Nuxeo Vision

The Nuxeo Vision addon provides a gateway to computer vision services. Currently it supports the Google Vision API and Amazon Rekognition API. Other services can be easily integrated as they become available. These external services allow you to understand the content of an image by encapsulating powerful machine learning models. This gateway provides a wide range of features including shape recognition, auto-classification of images, OCR, face detection and more.

Hyland University

Watch the related courses on Hyland University

Installation and Configuration

This addon requires no specific installation steps. It can be installed like any other package with nuxeoctl command line or from the Update Center.

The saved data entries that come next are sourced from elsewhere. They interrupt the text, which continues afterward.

(* Let $\alpha\in(0,1)$. Let $\hat C_\alpha(X_{n+1})$ be the full conformal prediction region and $\tilde C_\alpha(X_{n+1})$ the upper approximate full conformal prediction region built from approximate scores $\tilde S_{D^y}$ and bounds $\tau_1(y),\dots,\tau_{n+1}(y)$ as described in the context. Then $\hat C_\alpha(X_{n+1})\subseteq \tilde C_\alpha(X_{n+1})$. Consequently, if $(X_1,Y_1),\dots,(X_{n+1},Y_{n+1})$ are exchangeable and the predictor $\hat f_D$ is invariant to permutations of the data in $D$, then $$\mathbb P\big[Y_{n+1}\in\tilde C_\alpha(X_{n+1})\big]\ \ge\ \mathbb P\big[Y_{n+1}\in \hat C_\alpha(X_{n+1})\big]\ \ge\ 1-\alpha .$$
   Context: Let $\mathcal X\subset\mathbb R^d$, $\mathcal Y\subset\mathbb R$. $D=\{(X_1,Y_1),\dots,(X_n,Y_n)\}$ are random variables with values in $\mathcal X\times\mathcal Y$ and $(X_{n+1},Y_{n+1})$ is a further random pair of which only $X_{n+1}$ is observed. For $y\in\mathcal Y$ let $D^y=\{(X_1,Y_1),\dots,(X_n,Y_n),(X_{n+1},y)\}$ and let $\hat f_{D^y}:\mathcal X\to\mathcal Y$ be a predictor trained on $D^y$. Given a non-conformity function $s:\mathcal Y\times\mathcal Y\to\mathbb R_+$, the non-conformity scores are $S_{D^y}(X_i,Y_i)=s(Y_i,\hat f_{D^y}(X_i))$ for $1\le i\le n$ and $S_{D^y}(X_{n+1},y)=s(y,\hat f_{D^y}(X_{n+1}))$. The full conformal p-value is $\hat\pi_D(X_{n+1},y)=\frac{1+\sum_{i=1}^n\mathbb 1\{S_{D^y}(X_i,Y_i)\ge S_{D^y}(X_{n+1},y)\}}{n+1}$ and the full conformal prediction region is $\hat C_\alpha(X_{n+1})=\{y\in\mathcal Y:\hat\pi_D(X_{n+1},y)>\alpha\}$. Approximation scheme: for every $y\in\mathcal Y$ let $\tilde S_{D^y}(X_i,Y_i)$ ($1\le i\le n$) and $\tilde S_{D^y}(X_{n+1},y)$ be real numbers (approximate scores) and $0\le\tau_i(y)<\infty$ ($1\le i\le n+1$) be such that $|S_{D^y}(X_i,Y_i)-\tilde S_{D^y}(X_i,Y_i)|\le\tau_i(y)$ for $1\le i\le n$ and $|S_{D^y}(X_{n+1},y)-\tilde S_{D^y}(X_{n+1},y)|\le\tau_{n+1}(y)$. The upper approximate p-value is $\tilde\pi_D(X_{n+1},y)=\frac{1+\sum_{i=1}^n\mathbb 1\{\tilde S_{D^y}(X_i,Y_i)+\tau_i(y)\ge\tilde S_{D^y}(X_{n+1},y)-\tau_{n+1}(y)\}}{n+1}$ and the upper approximate full conformal region is $\tilde C_\alpha(X_{n+1})=\{y\in\mathcal Y:\tilde\pi_D(X_{n+1},y)>\alpha\}$. *)

theory Defs
  imports "HOL-Probability.Probability"
begin

text \<open>Data sets are lists of pairs (X_i, Y_i); list position i-1 holds the i-th pair.
  A predictor-training procedure is a map from a training list to a predictor.\<close>

definition augment :: "('a \<times> real) list \<Rightarrow> 'a \<Rightarrow> real \<Rightarrow> ('a \<times> real) list" where
  "augment D x y = D @ [(x, y)]"

definition conf_score ::
  "(('a \<times> real) list \<Rightarrow> 'a \<Rightarrow> real) \<Rightarrow> (real \<Rightarrow> real \<Rightarrow> real)
   \<Rightarrow> ('a \<times> real) list \<Rightarrow> 'a \<Rightarrow> real \<Rightarrow> nat \<Rightarrow> real" where
  "conf_score fit s D x y i =
     (let Dy = augment D x y in s (snd (Dy ! (i - 1))) (fit Dy (fst (Dy ! (i - 1)))))"

definition full_pvalue ::
  "(('a \<times> real) list \<Rightarrow> 'a \<Rightarrow> real) \<Rightarrow> (real \<Rightarrow> real \<Rightarrow> real)
   \<Rightarrow> ('a \<times> real) list \<Rightarrow> 'a \<Rightarrow> real \<Rightarrow> real" where
  "full_pvalue fit s D x y =
     (1 + real (card {i \<in> {1..length D}.
                 conf_score fit s D x y i \<ge> conf_score fit s D x y (length D + 1)}))
     / (real (length D) + 1)"

definition full_region ::
  "real set \<Rightarrow> (('a \<times> real) list \<Rightarrow> 'a \<Rightarrow> real) \<Rightarrow> (real \<Rightarrow> real \<Rightarrow> real)
   \<Rightarrow> ('a \<times> real) list \<Rightarrow> 'a \<Rightarrow> real \<Rightarrow> real set" where
  "full_region Ys fit s D x \<alpha> = {y \<in> Ys. full_pvalue fit s D x y > \<alpha>}"

definition approx_pvalue ::
  "nat \<Rightarrow> (real \<Rightarrow> nat \<Rightarrow> real) \<Rightarrow> (real \<Rightarrow> nat \<Rightarrow> real) \<Rightarrow> real \<Rightarrow> real" where
  "approx_pvalue n St tau y =
     (1 + real (card {i \<in> {1..n}. St y i + tau y i \<ge> St y (n + 1) - tau y (n + 1)}))
     / (real n + 1)"

definition approx_region ::
  "real set \<Rightarrow> nat \<Rightarrow> (real \<Rightarrow> nat \<Rightarrow> real) \<Rightarrow> (real \<Rightarrow> nat \<Rightarrow> real) \<Rightarrow> real \<Rightarrow> real set" where
  "approx_region Ys n St tau \<alpha> = {y \<in> Ys. approx_pvalue n St tau y > \<alpha>}"

definition full_cover_set ::
  "real set \<Rightarrow> (('a::euclidean_space \<times> real) list \<Rightarrow> 'a \<Rightarrow> real) \<Rightarrow> (real \<Rightarrow> real \<Rightarrow> real)
   \<Rightarrow> nat \<Rightarrow> real \<Rightarrow> (nat \<Rightarrow> 'a \<times> real) set" where
  "full_cover_set Ys fit s n \<alpha> =
     {z \<in> space (PiM {1..n+1} (\<lambda>_. borel)).
        snd (z (n+1)) \<in> full_region Ys fit s (map z [1..<n+1]) (fst (z (n+1))) \<alpha>}"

To install the Nuxeo Vision Package, you have several options:

From the Nuxeo Marketplace: install the Nuxeo Vision package.
From the command line: nuxeoctl mp-install nuxeo-vision.
From the Admin Center on JSF UI, go to Admin > Update Center > Packages from Nuxeo Marketplace.

Google Vision Configuration

Configure a Google service account
Google Cloud Computing invoicing changes from time to time: it is likely that you'll need to activate billing on your account.
You can generate either an API Key or a Service Account Key (saved as a JSON file)

It is a common Security best practice to use an API key, we recommend avoiding using a service account.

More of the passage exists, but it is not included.